**What to produce**
Lines to return, exactly: from the line with "(fwd_step A E ^^ (LEAST" to the line with "are therefore reachable" in the entries below, both included.
Data section start
(* Let $N$ be an NFA, let $L_0$ be a forward-admissible initial partition of its vertex set, let $L$ be the partition output by the forward refinement algorithm started from $L_0$, and let $\sim$ be the equivalence relation whose classes are the sets of $L$. Then $\sim$ refines $\sim_{\mathrm{fwd}}$, i.e. $v\sim w$ implies $v\sim_{\mathrm{fwd}}w$.
   Context: An NFA $N$ over a finite alphabet $A$ consists of a finite vertex set $V$, a starting vertex $v_s\in V$, accepting action sets for the vertices, and a set of labeled edges $v\xrightarrow{\lambda}w$ with $v,w\in V$ and $\lambda\in A\cup\{\varepsilon\}$. For a vertex $u$ and a finite sequence $\tau=\tau_1\cdots\tau_r$ ($r\ge0$) with $\tau_i\in A\cup\{\varepsilon\}$, a vertex $w$ is reachable from $u$ on $\tau$ if there are vertices $u=v_1,\dots,v_{r+1}=w$ with an edge $v_i\xrightarrow{\tau_i}v_{i+1}$ for each $i$. Vertices $v_1,v_2$ are forward-equivalent, $v_1\sim_{\mathrm{fwd}}v_2$, if for every finite sequence $\tau$ over $A\cup\{\varepsilon\}$, $v_1$ is reachable from $v_s$ on $\tau$ iff $v_2$ is. A partition $L_0$ of $V$ is a forward-admissible initial partition if $\{v_s\}\in L_0$. Refining a partition $P$ of $V$ by a subset $Y\subseteq V$ means replacing $P$ by the nonempty sets among $\{B\cap Y, B\setminus Y : B\in P\}$. Forward refinement algorithm: given $L_i$, for each $Z\in L_i$ and each $\sigma\in A\cup\{\varepsilon\}$ let $Z[\sigma]=\{z\in V: z'\xrightarrow{\sigma}z\text{ for some }z'\in Z\}$; $L_{i+1}$ is obtained from $L_i$ by refining successively by all these sets $Z[\sigma]$. Repeat until $L_{i+1}=L_i$ and output this converged partition $L$. *)

theory Defs
  imports Main
begin

text \<open>NFA labels: \<open>Some a\<close> is a letter a of the alphabet A, \<open>None\<close> is epsilon.
  Edges are triples (v, label, w).\<close>

definition is_partition :: "'v set \<Rightarrow> 'v set set \<Rightarrow> bool" where
  "is_partition V P \<longleftrightarrow> {} \<notin> P \<and> \<Union>P = V \<and>
     (\<forall>B\<in>P. \<forall>C\<in>P. B \<noteq> C \<longrightarrow> B \<inter> C = {})"

fun reach :: "('v \<times> 'a option \<times> 'v) set \<Rightarrow> 'v \<Rightarrow> 'a option list \<Rightarrow> 'v \<Rightarrow> bool" where
  "reach E u [] w \<longleftrightarrow> u = w"
| "reach E u (s # t) w \<longleftrightarrow> (\<exists>v. (u, s, v) \<in> E \<and> reach E v t w)"

definition fwd_equiv ::
  "'a set \<Rightarrow> ('v \<times> 'a option \<times> 'v) set \<Rightarrow> 'v \<Rightarrow> 'v \<Rightarrow> 'v \<Rightarrow> bool" where
  "fwd_equiv A E vs v1 v2 \<longleftrightarrow>
     (\<forall>t. set t \<subseteq> insert None (Some ` A) \<longrightarrow> (reach E vs t v1 \<longleftrightarrow> reach E vs t v2))"

definition refine_by :: "'v set set \<Rightarrow> 'v set \<Rightarrow> 'v set set" where
  "refine_by P Y = ({B \<inter> Y | B. B \<in> P} \<union> {B - Y | B. B \<in> P}) - {{}}"

definition succ_set :: "('v \<times> 'a option \<times> 'v) set \<Rightarrow> 'v set \<Rightarrow> 'a option \<Rightarrow> 'v set" where
  "succ_set E Z s = {z. \<exists>z'\<in>Z. (z', s, z) \<in> E}"

definition fwd_step ::
  "'a set \<Rightarrow> ('v \<times> 'a option \<times> 'v) set \<Rightarrow> 'v set set \<Rightarrow> 'v set set" where
  "fwd_step A E L = foldl refine_by L
     (SOME ys. set ys = {succ_set E Z s | Z s. Z \<in> L \<and> s \<in> insert None (Some ` A)})"

definition fwd_refine ::
  "'a set \<Rightarrow> ('v \<times> 'a option \<times> 'v) set \<Rightarrow> 'v set set \<Rightarrow> 'v set set" where
  "fwd_refine A E L0 =
     (fwd_step A E ^^ (LEAST k. fwd_step A E ((fwd_step A E ^^ k) L0) = (fwd_step A E ^^ k) L0)) L0"

end

theory Submission
  imports Defs
begin

text \<open>The output partition L is a fixpoint of one refinement round, so it is stable: every
  block lies inside or outside each set Z[\<sigma>] with Z \<in> L. Hence the successor set of a union
  of blocks is again a union of blocks, and so, by induction on \<tau>, is the set of vertices
  reachable from {vs} on \<tau>, because {vs} is itself a block of L. Two vertices in one block
  are therefore reachable on exactly the same sequences. Termination of the algorithm, needed
  for L to be well defined, holds because each round refines the partition of the finite set V,
  and a non-trivial refinement strictly shrinks the induced equivalence relation.\<close>

abbreviation labels :: "'a set \<Rightarrow> 'a option set" where
  "labels A \<equiv> insert None (Some ` A)"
Data section end
**Written response**
     (fwd_step A E ^^ (LEAST k. fwd_step A E ((fwd_step A E ^^ k) L0) = (fwd_step A E ^^ k) L0)) L0"

end

theory Submission
  imports Defs
begin

text \<open>The output partition L is a fixpoint of one refinement round, so it is stable: every
  block lies inside or outside each set Z[\<sigma>] with Z \<in> L. Hence the successor set of a union
  of blocks is again a union of blocks, and so, by induction on \<tau>, is the set of vertices
  reachable from {vs} on \<tau>, because {vs} is itself a block of L. Two vertices in one block
  are therefore reachable on exactly the same sequences. Termination of the algorithm, needed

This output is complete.